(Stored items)
lemma nn_integral_PiM_lborel_shear:
  fixes g :: "('i \<Rightarrow> 'a::euclidean_space) \<Rightarrow> ennreal"
  assumes fin: "finite A" and a: "a \<notin> A" and b: "b \<in> A" and r: "r > 0"
    and g[measurable]: "g \<in> borel_measurable (PiM (insert a A) (\<lambda>_. lborel))"
  shows "(\<integral>\<^sup>+ x. g x \<partial>PiM (insert a A) (\<lambda>_. lborel)) =
    ennreal (r ^ DIM('a)) * (\<integral>\<^sup>+ x. g (x(a := x b + r *\<^sub>R x a)) \<partial>PiM (insert a A) (\<lambda>_. lborel))"
proof -
  interpret product_sigma_finite "\<lambda>_::'i. lborel :: 'a measure"
    by (rule product_sigma_finite_lborel)
  let ?shear = "\<lambda>x. x(a := x b + r *\<^sub>R x a)"
  have ba: "b \<noteq> a" using a b by auto
  have "?shear \<in> PiM (insert a A) (\<lambda>_. lborel) \<rightarrow>\<^sub>M PiM (insert a A) (\<lambda>_. lborel)"
    using a b by (intro measurable_PiM_lborel_selfI) (auto simp: extensional_def)
  then have g_shear: "(\<lambda>x. g (?shear x)) \<in> borel_measurable (PiM (insert a A) (\<lambda>_. lborel))"
    by (rule measurable_compose) (rule g)
  have affine: "(\<integral>\<^sup>+ y. g (x(a := y)) \<partial>lborel)
      = (\<integral>\<^sup>+ y. ennreal (r ^ DIM('a)) * g (x(a := x b + r *\<^sub>R y)) \<partial>lborel)"
    if x: "x \<in> space (PiM A (\<lambda>_. lborel))" for x
  proof -
    have gx: "(\<lambda>y. g (x(a := y))) \<in> borel_measurable borel"
      using measurable_comp[OF measurable_component_update g, OF x a] unfolding comp_def by simp
    have "(\<integral>\<^sup>+ y. g (x(a := y)) \<partial>lborel)
        = (\<integral>\<^sup>+ y. g (x(a := y))
            \<partial>density (distr lborel borel (\<lambda>y. x b + r *\<^sub>R y)) (\<lambda>_. \<bar>r\<bar> ^ DIM('a)))"
      using lborel_affine[of r "x b"] r by simp
    also have "\<dots> = (\<integral>\<^sup>+ y. ennreal (\<bar>r\<bar> ^ DIM('a)) * g (x(a := y))
        \<partial>distr lborel borel (\<lambda>y. x b + r *\<^sub>R y))"
      using gx by (subst nn_integral_density) auto
    also have "\<dots> = (\<integral>\<^sup>+ y. ennreal (r ^ DIM('a)) * g (x(a := x b + r *\<^sub>R y)) \<partial>lborel)"
      using gx r by (subst nn_integral_distr) auto
    finally show ?thesis .
  qed
  have "(\<integral>\<^sup>+ x. g x \<partial>PiM (insert a A) (\<lambda>_. lborel))
      = (\<integral>\<^sup>+ x. (\<integral>\<^sup>+ y. g (x(a := y)) \<partial>lborel) \<partial>PiM A (\<lambda>_. lborel))"
    by (rule product_nn_integral_insert[OF fin a g])
  also have "\<dots> = (\<integral>\<^sup>+ x. (\<integral>\<^sup>+ y. ennreal (r ^ DIM('a)) * g (x(a := x b + r *\<^sub>R y)) \<partial>lborel)
      \<partial>PiM A (\<lambda>_. lborel))"
    using affine by (rule nn_integral_cong)
  also have "\<dots> = (\<integral>\<^sup>+ x. ennreal (r ^ DIM('a)) * g (?shear x) \<partial>PiM (insert a A) (\<lambda>_. lborel))"
    using ba g_shear by (subst product_nn_integral_insert[OF fin a]) auto
  also have "\<dots> = ennreal (r ^ DIM('a)) * (\<integral>\<^sup>+ x. g (?shear x) \<partial>PiM (insert a A) (\<lambda>_. lborel))"
    using g_shear by (rule nn_integral_cmult)
  finally show ?thesis .
qed

definition anchored_rescale :: "'i set \<Rightarrow> ('i \<Rightarrow> 'i) \<Rightarrow> real \<Rightarrow> ('i \<Rightarrow> 'a::real_vector) \<Rightarrow> 'i \<Rightarrow> 'a" where
  "anchored_rescale N \<rho> r x = (\<lambda>i. if i \<in> N then x (\<rho> i) + r *\<^sub>R x i else x i)"

lemma measurable_anchored_rescale:
  assumes "N \<subseteq> A" and "\<And>i. i \<in> N \<Longrightarrow> \<rho> i \<in> A"
  shows "anchored_rescale N \<rho> r
    \<in> PiM A (\<lambda>_. lborel) \<rightarrow>\<^sub>M PiM A (\<lambda>_. lborel :: 'a::euclidean_space measure)"
proof (rule measurable_PiM_lborel_selfI)
  fix i assume i: "i \<in> A"
  show "(\<lambda>x. anchored_rescale N \<rho> r x i) \<in> borel_measurable (PiM A (\<lambda>_. lborel))"
  proof (cases "i \<in> N")
    case True
    then have [measurable]: "\<rho> i \<in> A" using assms by auto
    show ?thesis using True i unfolding anchored_rescale_def by simp
  qed (use i in \<open>simp add: anchored_rescale_def\<close>)
qed (use assms in \<open>auto simp: anchored_rescale_def extensional_def\<close>)

lemma nn_integral_PiM_lborel_anchored_rescale:
  fixes g :: "('i \<Rightarrow> 'a::euclidean_space) \<Rightarrow> ennreal"
  assumes fin: "finite A" and N: "N \<subseteq> A" and \<rho>: "\<And>i. i \<in> N \<Longrightarrow> \<rho> i \<in> A - N" and r: "r > 0"
    and g: "g \<in> borel_measurable (PiM A (\<lambda>_. lborel))"
  shows "(\<integral>\<^sup>+ x. g x \<partial>PiM A (\<lambda>_. lborel)) =
    ennreal (r ^ (DIM('a) * card N)) * (\<integral>\<^sup>+ x. g (anchored_rescale N \<rho> r x) \<partial>PiM A (\<lambda>_. lborel))"
  using finite_subset[OF N fin] N \<rho>
proof (induction N rule: finite_induct)
  case empty
  have "anchored_rescale {} \<rho> r x = x" for x :: "'i \<Rightarrow> 'a"
    by (auto simp: anchored_rescale_def)
  then show ?case by simp
next
  case (insert a N)
  let ?\<Phi> = "anchored_rescale N \<rho> r"
  have \<rho>N: "\<And>i. i \<in> N \<Longrightarrow> \<rho> i \<in> A - N" and a: "a \<in> A" and \<rho>a: "\<rho> a \<in> A - {a}"
    using insert.prems by auto
  have "?\<Phi> \<in> PiM A (\<lambda>_. lborel) \<rightarrow>\<^sub>M PiM A (\<lambda>_. lborel)"
    using insert.prems \<rho>N by (intro measurable_anchored_rescale) auto
  then have g\<Phi>: "(\<lambda>x. g (?\<Phi> x)) \<in> borel_measurable (PiM A (\<lambda>_. lborel))"
    by (rule measurable_compose) (rule g)
  have A: "insert a (A - {a}) = A" using a by auto
  have shear: "(\<integral>\<^sup>+ x. g (?\<Phi> x) \<partial>PiM A (\<lambda>_. lborel)) =
      ennreal (r ^ DIM('a)) * (\<integral>\<^sup>+ x. g (?\<Phi> (x(a := x (\<rho> a) + r *\<^sub>R x a))) \<partial>PiM A (\<lambda>_. lborel))"
    using nn_integral_PiM_lborel_shear[of "A - {a}" a "\<rho> a" r "\<lambda>x. g (?\<Phi> x)"] fin \<rho>a r g\<Phi>
    unfolding A by auto
  \<comment> \<open>the anchor \<open>\<rho> a\<close> is not in \<open>N\<close>, so the new shear commutes with the earlier ones\<close>
  have compose: "?\<Phi> (x(a := x (\<rho> a) + r *\<^sub>R x a)) = anchored_rescale (insert a N) \<rho> r x" for x
    using insert.prems insert.hyps unfolding anchored_rescale_def by (auto intro!: ext)
  have IH: "(\<integral>\<^sup>+ x. g x \<partial>PiM A (\<lambda>_. lborel)) =
      ennreal (r ^ (DIM('a) * card N)) * (\<integral>\<^sup>+ x. g (?\<Phi> x) \<partial>PiM A (\<lambda>_. lborel))"
    using insert.IH[OF _ \<rho>N] insert.prems by auto
  have "r ^ (DIM('a) * card (insert a N)) = r ^ (DIM('a) * card N) * r ^ DIM('a)"
    using insert.hyps by (simp add: power_add)
  then have pow: "ennreal (r ^ (DIM('a) * card (insert a N)))
      = ennreal (r ^ (DIM('a) * card N)) * ennreal (r ^ DIM('a))"
    using r by (simp add: ennreal_mult)
  show ?case
    unfolding IH shear compose pow by (simp add: mult.assoc)
qed

section \<open>Anchors of an intersection pattern\<close>

lemma finite_nonempty_subsets: "finite (nonempty_subsets l)"
  unfolding nonempty_subsets_def by (rule finite_subset[of _ "Pow {..<l}"]) auto

locale labelled_pattern =
  fixes l :: nat and I :: "nat set \<Rightarrow> nat" and lab :: "nat \<Rightarrow> nat set"
  assumes admissible: "admissible_labelling l I lab"
begin

abbreviation n :: nat where "n \<equiv> pattern_size l I"

abbreviation E :: "nat rel" where "E \<equiv> isect_edges l I"

definition indices :: "nat \<Rightarrow> nat set" where
  "indices j = {i. i < n \<and> j \<in> lab i}"

definition linked :: "nat rel" where
  "linked = {(i, i'). i < n \<and> i' < n \<and> lab i \<inter> lab i' \<noteq> {}}"

definition anchor :: "nat \<Rightarrow> nat" where
  "anchor i = (LEAST i'. (i', i) \<in> linked\<^sup>*)"

definition anchors :: "nat set" where
  "anchors = {i. i < n \<and> anchor i = i}"

definition non_anchors :: "nat set" where
  "non_anchors = {i. i < n \<and> anchor i \<noteq> i}"

lemma lab_in_nonempty_subsets: "i < n \<Longrightarrow> lab i \<in> nonempty_subsets l"
  using admissible unfolding admissible_labelling_def by auto

lemma card_lab_vimage: "J \<in> nonempty_subsets l \<Longrightarrow> card {i. i < n \<and> lab i = J} = I J"
  using admissible unfolding admissible_labelling_def by auto

lemma ex_labelled_index: "J \<in> nonempty_subsets l \<Longrightarrow> 0 < I J \<Longrightarrow> \<exists>i<n. lab i = J"
  using card_lab_vimage[of J]
  by (metis (mono_tags, lifting) Collect_empty_eq card.empty less_irrefl)

lemma I_lab_pos: "i < n \<Longrightarrow> 0 < I (lab i)"
proof -
  assume i: "i < n"
  then have "0 < card {t. t < n \<and> lab t = lab i}" by (auto simp: card_gt_0_iff)
  then show ?thesis
    using card_lab_vimage[OF lab_in_nonempty_subsets[OF i]] by simp
qed

lemma indices_subset: "indices j \<subseteq> {..<n}"
  unfolding indices_def by auto

lemma finite_indices: "finite (indices j)"
  using indices_subset by (rule finite_subset) simp

lemma card_indices: "card (indices j) = (\<Sum>J\<in>{J\<in>nonempty_subsets l. j \<in> J}. I J)"
proof -
  have partition: "indices j = (\<Union>J\<in>{J\<in>nonempty_subsets l. j \<in> J}. {i. i < n \<and> lab i = J})"
    using lab_in_nonempty_subsets unfolding indices_def by auto
  have "card (indices j) = (\<Sum>J\<in>{J\<in>nonempty_subsets l. j \<in> J}. card {i. i < n \<and> lab i = J})"
    unfolding partition using finite_nonempty_subsets by (intro card_UN_disjoint) auto
  also have "\<dots> = (\<Sum>J\<in>{J\<in>nonempty_subsets l. j \<in> J}. I J)"
    using card_lab_vimage by (intro sum.cong) auto
  finally show ?thesis .
qed

lemma linked_rtrancl_sym: "(i, i') \<in> linked\<^sup>* \<Longrightarrow> (i', i) \<in> linked\<^sup>*"
  by (rule symD[OF sym_rtrancl]) (auto simp: linked_def sym_def)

> **What the exercise asks**: What is wanted is every line from the first line of the entries through the line that contains "a b by auto", given again exactly.

> **Result for this task**:
lemma nn_integral_PiM_lborel_shear:
  fixes g :: "('i \<Rightarrow> 'a::euclidean_space) \<Rightarrow> ennreal"
  assumes fin: "finite A" and a: "a \<notin> A" and b: "b \<in> A" and r: "r > 0"
    and g[measurable]: "g \<in> borel_measurable (PiM (insert a A) (\<lambda>_. lborel))"
  shows "(\<integral>\<^sup>+ x. g x \<partial>PiM (insert a A) (\<lambda>_. lborel)) =
    ennreal (r ^ DIM('a)) * (\<integral>\<^sup>+ x. g (x(a := x b + r *\<^sub>R x a)) \<partial>PiM (insert a A) (\<lambda>_. lborel))"
proof -
  interpret product_sigma_finite "\<lambda>_::'i. lborel :: 'a measure"
    by (rule product_sigma_finite_lborel)
  let ?shear = "\<lambda>x. x(a := x b + r *\<^sub>R x a)"
  have ba: "b \<noteq> a" using a b by auto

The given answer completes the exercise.